Strengthening Our Practices and Partnerships with First Nations, Inuit and Métis Peoples

CAMH outlines plan to better meet the mental health needs of Aboriginal people.

TORONTO, June 20, 2016 –  Over the past 18 months, CAMH has engaged Aboriginal leaders, organizations, service providers and communities as well as Aboriginal and non-Aboriginal staff at CAMH to develop Guiding Directions: A plan to strengthen our practices and partnerships with First Nations, Inuit and Métis peoples.

Guiding Directions has four primary directions intended to:

  • build our internal capacity and structures
  • improve collaborative partnerships
  • enhance culturally responsive clinical support and
  • support capacity development, research and knowledge exchange.

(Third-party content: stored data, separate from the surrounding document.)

(* Let $\{\alpha_{n,m}\in k^\times:n\in\mathbb{Z},m\in\mathbb{N}\}$ be a family of nonzero scalars and let $\phi:H\to H$ be the linear map with $\phi(x^ny^m)=\alpha_{n,m}x^ny^m$ for all $n\in\mathbb{Z}$, $m\in\mathbb{N}$. Then $\phi$ is a coalgebra automorphism of $H$ if and only if $\alpha_{n,m}=\alpha_{n,i}\alpha_{n+i,m-i}$ for all $n\in\mathbb{Z}$, $m\in\mathbb{N}$ and $0\leq i\leq m$.
   Context: Let $k$ be a field and $0\neq q\in k$ not a root of unity. $H=k_q[x,x^{-1},y]$ is the $k$-algebra generated by $x,x^{-1},y$ with $xx^{-1}=x^{-1}x=1$, $yx=qxy$, a Hopf algebra with $\Delta(x)=x\otimes x$, $\Delta(x^{-1})=x^{-1}\otimes x^{-1}$, $\Delta(y)=y\otimes x+1\otimes y$, $\varepsilon(x)=1$, $\varepsilon(y)=0$; $\{x^ny^m:n\in\mathbb{Z},m\in\mathbb{N}\}$ is a $k$-basis, and $\Delta(x^ny^m)=\sum_{i=0}^m\binom{m}{i}_qx^ny^i\otimes x^{n+i}y^{m-i}$ with $q$-binomial coefficients $\binom{m}{i}_q$. *)

theory Defs
  imports Main "HOL-Library.Poly_Mapping"
begin

text \<open>The quantum plane H = k_q[x,x^-1,y] as a k-vector space: finitely supported
  coefficient functions on its basis x^n y^m, indexed by (n,m) :: int * nat.
  H tensor H is identified with finitely supported functions on pairs of basis
  indices (its standard basis of elementary tensors).\<close>

type_synonym 'k qH = "(int \<times> nat) \<Rightarrow>\<^sub>0 'k"
type_synonym 'k qHH = "((int \<times> nat) \<times> (int \<times> nat)) \<Rightarrow>\<^sub>0 'k"

definition smultH :: "'k::field \<Rightarrow> ('b \<Rightarrow>\<^sub>0 'k) \<Rightarrow> ('b \<Rightarrow>\<^sub>0 'k)" where
  "smultH c h = (\<Sum>b\<in>Poly_Mapping.keys h. Poly_Mapping.single b (c * Poly_Mapping.lookup h b))"

definition bas :: "int \<Rightarrow> nat \<Rightarrow> 'k::field qH" where
  "bas n m = Poly_Mapping.single (n, m) 1"

definition tens :: "'k::field qH \<Rightarrow> 'k qH \<Rightarrow> 'k qHH" where
  "tens u v = (\<Sum>a\<in>Poly_Mapping.keys u. \<Sum>b\<in>Poly_Mapping.keys v. Poly_Mapping.single (a, b) (Poly_Mapping.lookup u a * Poly_Mapping.lookup v b))"

definition tmap :: "('k::field qH \<Rightarrow> 'k qH) \<Rightarrow> ('k qH \<Rightarrow> 'k qH) \<Rightarrow> 'k qHH \<Rightarrow> 'k qHH" where
  "tmap f g T = (\<Sum>p\<in>Poly_Mapping.keys T. smultH (Poly_Mapping.lookup T p)
       (tens (f (Poly_Mapping.single (fst p) 1)) (g (Poly_Mapping.single (snd p) 1))))"

fun qbinom :: "'k::field \<Rightarrow> nat \<Rightarrow> nat \<Rightarrow> 'k" where
  "qbinom q 0 i = (if i = 0 then 1 else 0)"
| "qbinom q (Suc m) 0 = 1"
| "qbinom q (Suc m) (Suc i) = qbinom q m i + q ^ Suc i * qbinom q m (Suc i)"

definition Delta_bas :: "'k::field \<Rightarrow> int \<Rightarrow> nat \<Rightarrow> 'k qHH" where
  "Delta_bas q n m = (\<Sum>i\<in>{0..m}. smultH (qbinom q m i) (tens (bas n i) (bas (n + int i) (m - i))))"

definition Delta :: "'k::field \<Rightarrow> 'k qH \<Rightarrow> 'k qHH" where
  "Delta q h = (\<Sum>b\<in>Poly_Mapping.keys h. smultH (Poly_Mapping.lookup h b) (Delta_bas q (fst b) (snd b)))"

definition eps :: "'k::field qH \<Rightarrow> 'k" where
  "eps h = (\<Sum>b\<in>Poly_Mapping.keys h. if snd b = 0 then Poly_Mapping.lookup h b else 0)"

definition linearH :: "('k::field qH \<Rightarrow> 'k qH) \<Rightarrow> bool" where
  "linearH f \<longleftrightarrow> (\<forall>u v. f (u + v) = f u + f v) \<and> (\<forall>c u. f (smultH c u) = smultH c (f u))"

definition coalg_aut :: "'k::field \<Rightarrow> ('k qH \<Rightarrow> 'k qH) \<Rightarrow> bool" where
  "coalg_aut q f \<longleftrightarrow> linearH f \<and> bij f \<and>
     (\<forall>h. Delta q (f h) = tmap f f (Delta q h)) \<and> (\<forall>h. eps (f h) = eps h)"

definition diagmap :: "(int \<times> nat \<Rightarrow> 'k::field) \<Rightarrow> 'k qH \<Rightarrow> 'k qH" where
  "diagmap \<alpha> h = (\<Sum>b\<in>Poly_Mapping.keys h. Poly_Mapping.single b (\<alpha> b * Poly_Mapping.lookup h b))"

end

theory Submission imports Defs begin

text \<open>Both sides of the comultiplicativity condition for the diagonal map are diagonal in the
  basis of elementary tensors: the coefficient of x^a y^i \<otimes> x^(a+i) y^j is
  [i+j choose i]_q \<alpha>(a,i+j) for \<Delta>\<phi> and [i+j choose i]_q \<alpha>(a,i) \<alpha>(a+i,j) for (\<phi>\<otimes>\<phi>)\<Delta>.
  Since q is not a root of unity, the Gaussian binomials never vanish in the range 0 \<le> i \<le> m
  (absorption identity [m+1 choose k+1](1-q^(k+1)) = (1-q^(m+1))[m choose k]), so the two
  maps agree exactly when \<alpha> satisfies the cocycle identity. The cocycle identity also forces
  \<alpha>(n,0) = 1, which gives compatibility with the counit; bijectivity holds since all \<alpha> are
  nonzero.\<close>

lemma sum_keys_lookup_single:
  "(\<Sum>b\<in>Poly_Mapping.keys h. Poly_Mapping.lookup (Poly_Mapping.single b (f b)) x) =
    (if x \<in> Poly_Mapping.keys h then f x else 0)"
  by (simp add: lookup_single Poly_Mapping.when_def if_distrib sum.If_cases)

lemma lookup_smultH [simp]: "Poly_Mapping.lookup (smultH c h) b = c * Poly_Mapping.lookup h b"
  unfolding smultH_def lookup_sum sum_keys_lookup_single by (auto simp: in_keys_iff)

lemma lookup_diagmap [simp]: "Poly_Mapping.lookup (diagmap \<alpha> h) b = \<alpha> b * Poly_Mapping.lookup h b"
  unfolding diagmap_def lookup_sum sum_keys_lookup_single by (auto simp: in_keys_iff)

lemma lookup_tens [simp]:
  "Poly_Mapping.lookup (tens u v) (a, b) = Poly_Mapping.lookup u a * Poly_Mapping.lookup v b"
proof -
  have "Poly_Mapping.lookup (tens u v) (a, b) =
      (\<Sum>a'\<in>Poly_Mapping.keys u. if a' = a then
         (\<Sum>b'\<in>Poly_Mapping.keys v. if b' = b then Poly_Mapping.lookup u a * Poly_Mapping.lookup v b' else 0)
       else 0)"
    unfolding tens_def lookup_sum by (intro sum.cong refl) (auto simp: lookup_single Poly_Mapping.when_def)
  also have "\<dots> = Poly_Mapping.lookup u a * Poly_Mapping.lookup v b"
    by (simp only: sum.delta finite_keys) (auto simp: in_keys_iff)
  finally show ?thesis .
qed

lemma lookup_tmap_diagmap:
  "Poly_Mapping.lookup (tmap (diagmap \<alpha>) (diagmap \<alpha>) T) (a, b) = \<alpha> a * \<alpha> b * Poly_Mapping.lookup T (a, b)"
proof -
  have "Poly_Mapping.lookup (tmap (diagmap \<alpha>) (diagmap \<alpha>) T) (a, b) =
      (\<Sum>p\<in>Poly_Mapping.keys T. if p = (a, b) then \<alpha> a * \<alpha> b * Poly_Mapping.lookup T (a, b) else 0)"
    unfolding tmap_def lookup_sum
    by (intro sum.cong refl) (auto simp: lookup_single Poly_Mapping.when_def prod_eq_iff)
  also have "\<dots> = \<alpha> a * \<alpha> b * Poly_Mapping.lookup T (a, b)"
    by (auto simp: in_keys_iff)
  finally show ?thesis .
qed

lemma lookup_Delta_bas:
  "Poly_Mapping.lookup (Delta_bas q n m) ((a, i), (c, j)) =
    (if a = n \<and> i + j = m \<and> c = n + int i then qbinom q m i else 0)"
proof -
  have "Poly_Mapping.lookup (Delta_bas q n m) ((a, i), (c, j)) =
      (\<Sum>i'\<in>{0..m}. if i' = i then (if a = n \<and> i + j = m \<and> c = n + int i then qbinom q m i else 0) else 0)"
    unfolding Delta_bas_def lookup_sum
    by (intro sum.cong refl) (auto simp: bas_def lookup_single Poly_Mapping.when_def)
  then show ?thesis by auto
qed

lemma lookup_Delta:
  "Poly_Mapping.lookup (Delta q h) ((a, i), (c, j)) =
    (if c = a + int i then qbinom q (i + j) i * Poly_Mapping.lookup h (a, i + j) else 0)"
proof -
  have "Poly_Mapping.lookup (Delta q h) ((a, i), (c, j)) =
      (\<Sum>b\<in>Poly_Mapping.keys h. if b = (a, i + j) then
         (if c = a + int i then qbinom q (i + j) i * Poly_Mapping.lookup h (a, i + j) else 0) else 0)"
    unfolding Delta_def lookup_sum by (intro sum.cong refl) (auto simp: lookup_Delta_bas)
  then show ?thesis by (auto simp: in_keys_iff)
qed

lemma qbinom_eq_0: "m < i \<Longrightarrow> qbinom q m i = 0"
  by (induction q m i rule: qbinom.induct) auto

lemma qbinom_diag [simp]: "qbinom q m m = 1"
  by (induction m) (auto simp: qbinom_eq_0)

lemma qbinom_0_right [simp]: "qbinom q m 0 = 1"
  by (cases m) auto

lemma qbinom_Suc_Suc_dual:
  "k \<le> m \<Longrightarrow> qbinom q (Suc m) (Suc k) = q ^ (m - k) * qbinom q m k + qbinom q m (Suc k)"
proof (induction m arbitrary: k)
  case 0
  then show ?case by simp
next
  case (Suc m)
  consider "k = 0" | k' where "k = Suc k'" "k' < m" | "k = Suc m"
    using Suc.prems by (cases k) (auto simp: le_less)
  then show ?case
  proof cases
    case 1
    with Suc.IH[of 0] show ?thesis by (simp add: algebra_simps)
  next
    case 2
    then obtain d where m: "m = Suc (k' + d)"
      using less_imp_Suc_add by blast
    have "qbinom q (Suc (Suc m)) (Suc k) =
        qbinom q (Suc m) (Suc k') + q ^ Suc (Suc k') * qbinom q (Suc m) (Suc (Suc k'))"
      by (simp only: 2 qbinom.simps(3))
    also have "\<dots> = q ^ Suc d * qbinom q m k' + qbinom q m (Suc k')
        + q ^ Suc (Suc k') * (q ^ d * qbinom q m (Suc k') + qbinom q m (Suc (Suc k')))"
      using Suc.IH[of k'] Suc.IH[of "Suc k'"] by (simp add: m)
    also have "\<dots> = q ^ Suc d * (qbinom q m k' + q ^ Suc k' * qbinom q m (Suc k'))
        + (qbinom q m (Suc k') + q ^ Suc (Suc k') * qbinom q m (Suc (Suc k')))"
      by (simp add: algebra_simps power_add)
    finally show ?thesis
      by (simp only: qbinom.simps(3) flip: 2) (simp add: 2 m)
  next
    case 3
    then show ?thesis by (simp add: qbinom_eq_0)
  qed
qed

lemma qbinom_Suc_Suc_absorb:
  assumes "k \<le> m"
  shows "qbinom q (Suc m) (Suc k) * (1 - q ^ Suc k) = (1 - q ^ Suc m) * qbinom q m k"
proof -
  obtain d where m: "m = k + d"
    using assms le_Suc_ex by blast
  have "qbinom q (Suc m) (Suc k) * (1 - q ^ Suc k) =
      (qbinom q m k + q ^ Suc k * qbinom q m (Suc k))
      - q ^ Suc k * (q ^ d * qbinom q m k + qbinom q m (Suc k))"
    using qbinom_Suc_Suc_dual[OF assms, of q] by (simp add: m algebra_simps)
  also have "\<dots> = (1 - q ^ Suc m) * qbinom q m k"
    by (simp add: m algebra_simps power_add)
  finally show ?thesis .
qed

lemma qbinom_nonzero:
  fixes q :: "'k::field"
  assumes "\<forall>n::nat. n > 0 \<longrightarrow> q ^ n \<noteq> 1" and "i \<le> m"
  shows "qbinom q m i \<noteq> 0"
  using assms(2)
proof (induction m arbitrary: i)
  case 0
  then show ?case by simp
next
  case (Suc m)
  show ?case
  proof (cases i)
    case (Suc k)
    with Suc.prems have "k \<le> m" by simp
    with Suc.IH assms(1) have "(1 - q ^ Suc m) * qbinom q m k \<noteq> 0" by auto
    with qbinom_Suc_Suc_absorb[OF \<open>k \<le> m\<close>] show ?thesis
      by (metis Suc mult_zero_left)
  qed simp
qed

lemma Delta_diagmap_iff:
  fixes q :: "'k::field" and \<alpha> :: "int \<times> nat \<Rightarrow> 'k"
  assumes "\<forall>n::nat. n > 0 \<longrightarrow> q ^ n \<noteq> 1"
  shows "(\<forall>h. Delta q (diagmap \<alpha> h) = tmap (diagmap \<alpha>) (diagmap \<alpha>) (Delta q h)) \<longleftrightarrow>
    (\<forall>a i j. \<alpha> (a, i + j) = \<alpha> (a, i) * \<alpha> (a + int i, j))"
proof
  assume Delta_comm: "\<forall>h. Delta q (diagmap \<alpha> h) = tmap (diagmap \<alpha>) (diagmap \<alpha>) (Delta q h)"
  show "\<forall>a i j. \<alpha> (a, i + j) = \<alpha> (a, i) * \<alpha> (a + int i, j)"
  proof (intro allI)
    fix a i j
    have "Poly_Mapping.lookup (Delta q (diagmap \<alpha> (bas a (i + j)))) ((a, i), (a + int i, j)) =
        Poly_Mapping.lookup (tmap (diagmap \<alpha>) (diagmap \<alpha>) (Delta q (bas a (i + j)))) ((a, i), (a + int i, j))"
      using Delta_comm by simp
    then have "qbinom q (i + j) i * \<alpha> (a, i + j) = \<alpha> (a, i) * \<alpha> (a + int i, j) * qbinom q (i + j) i"
      by (simp add: lookup_Delta lookup_tmap_diagmap bas_def)
    moreover have "qbinom q (i + j) i \<noteq> 0"
      using qbinom_nonzero[OF assms] by simp
    ultimately show "\<alpha> (a, i + j) = \<alpha> (a, i) * \<alpha> (a + int i, j)"
      by (simp add: mult.commute)
  qed
next
  assume cocycle: "\<forall>a i j. \<alpha> (a, i + j) = \<alpha> (a, i) * \<alpha> (a + int i, j)"
  show "\<forall>h. Delta q (diagmap \<alpha> h) = tmap (diagmap \<alpha>) (diagmap \<alpha>) (Delta q h)"
  proof (intro allI poly_mapping_eqI)
    fix h and r :: "(int \<times> nat) \<times> (int \<times> nat)"
    obtain a i c j where r: "r = ((a, i), (c, j))"
      by (metis prod.collapse)
    show "Poly_Mapping.lookup (Delta q (diagmap \<alpha> h)) r =
        Poly_Mapping.lookup (tmap (diagmap \<alpha>) (diagmap \<alpha>) (Delta q h)) r"
      by (simp add: r lookup_Delta lookup_tmap_diagmap cocycle algebra_simps)
  qed
qed

lemma linearH_diagmap: "linearH (diagmap \<alpha>)"
  unfolding linearH_def by (auto intro!: poly_mapping_eqI simp: lookup_add algebra_simps)

lemma bij_diagmap:
  assumes "\<forall>b. \<alpha> b \<noteq> (0::'k::field)"
  shows "bij (diagmap \<alpha>)"
proof (rule bijI)
  show "inj (diagmap \<alpha>)"
  proof (rule injI)
    fix u v
    assume "diagmap \<alpha> u = diagmap \<alpha> v"
    then have "\<alpha> b * Poly_Mapping.lookup u b = \<alpha> b * Poly_Mapping.lookup v b" for b
      by (metis lookup_diagmap)
    with assms show "u = v" by (intro poly_mapping_eqI) auto
  qed
  show "surj (diagmap \<alpha>)"
  proof (rule surjI)
    fix g
    show "diagmap \<alpha> (diagmap (\<lambda>b. inverse (\<alpha> b)) g) = g"
      using assms by (intro poly_mapping_eqI) auto
  qed
qed

lemma eps_diagmap:
  assumes "\<forall>b. \<alpha> b \<noteq> (0::'k::field)" and "\<forall>n. \<alpha> (n, 0) = 1"
  shows "eps (diagmap \<alpha> h) = eps h"
proof -
  have "Poly_Mapping.keys (diagmap \<alpha> h) = Poly_Mapping.keys h"
    using assms(1) by (auto simp: in_keys_iff)
  then show ?thesis
    unfolding eps_def using assms(2) by (intro sum.cong) auto
qed

theorem lemma2p11:
  fixes q :: "'k::field" and \<alpha> :: "int \<times> nat \<Rightarrow> 'k"
  assumes "q \<noteq> 0"
    and "\<forall>n::nat. n > 0 \<longrightarrow> q ^ n \<noteq> 1"
    and "\<forall>n m. \<alpha> (n, m) \<noteq> 0"
  shows "coalg_aut q (diagmap \<alpha>) \<longleftrightarrow>
    (\<forall>(n::int) (m::nat) (i::nat). i \<le> m \<longrightarrow> \<alpha> (n, m) = \<alpha> (n, i) * \<alpha> (n + int i, m - i))"
proof -
  have nonzero: "\<forall>b. \<alpha> b \<noteq> 0"
    using assms(3) by simp
  have split_form: "(\<forall>n m i. i \<le> m \<longrightarrow> \<alpha> (n, m) = \<alpha> (n, i) * \<alpha> (n + int i, m - i)) \<longleftrightarrow>
      (\<forall>a i j. \<alpha> (a, i + j) = \<alpha> (a, i) * \<alpha> (a + int i, j))"
    by (metis add_diff_cancel_left' le_add1 le_add_diff_inverse)
  have "\<alpha> (n, 0) = 1" if "\<forall>a i j. \<alpha> (a, i + j) = \<alpha> (a, i) * \<alpha> (a + int i, j)" for n
    using that[rule_format, of n 0 0] nonzero by (metis add_0 mult_cancel_left1 of_nat_0 add_0_right)
  then show ?thesis
    unfolding coalg_aut_def split_form Delta_diagmap_iff[OF assms(2), symmetric]
    using linearH_diagmap bij_diagmap[OF nonzero] eps_diagmap[OF nonzero] by blast
qed

end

Recently, the Truth and Reconciliation Commission identified “a need to establish measurable goals to identify and close the gaps in mental health outcomes between Aboriginal and non-Aboriginal communities”. CAMH is determined to build on our work to date and work collaboratively to close the gaps and improve the lives of future generations.‎

“CAMH understands that historical injustices and trauma continue to affect the lives of many Aboriginal people,” says CAMH President and CEO, Dr. Catherine Zahn. “We recognize that as a teaching hospital, we have a responsibility to address the health equity issues that exist, and to support First Nations, Inuit and Métis communities through our clinical, research, education and system-improvement mandate.”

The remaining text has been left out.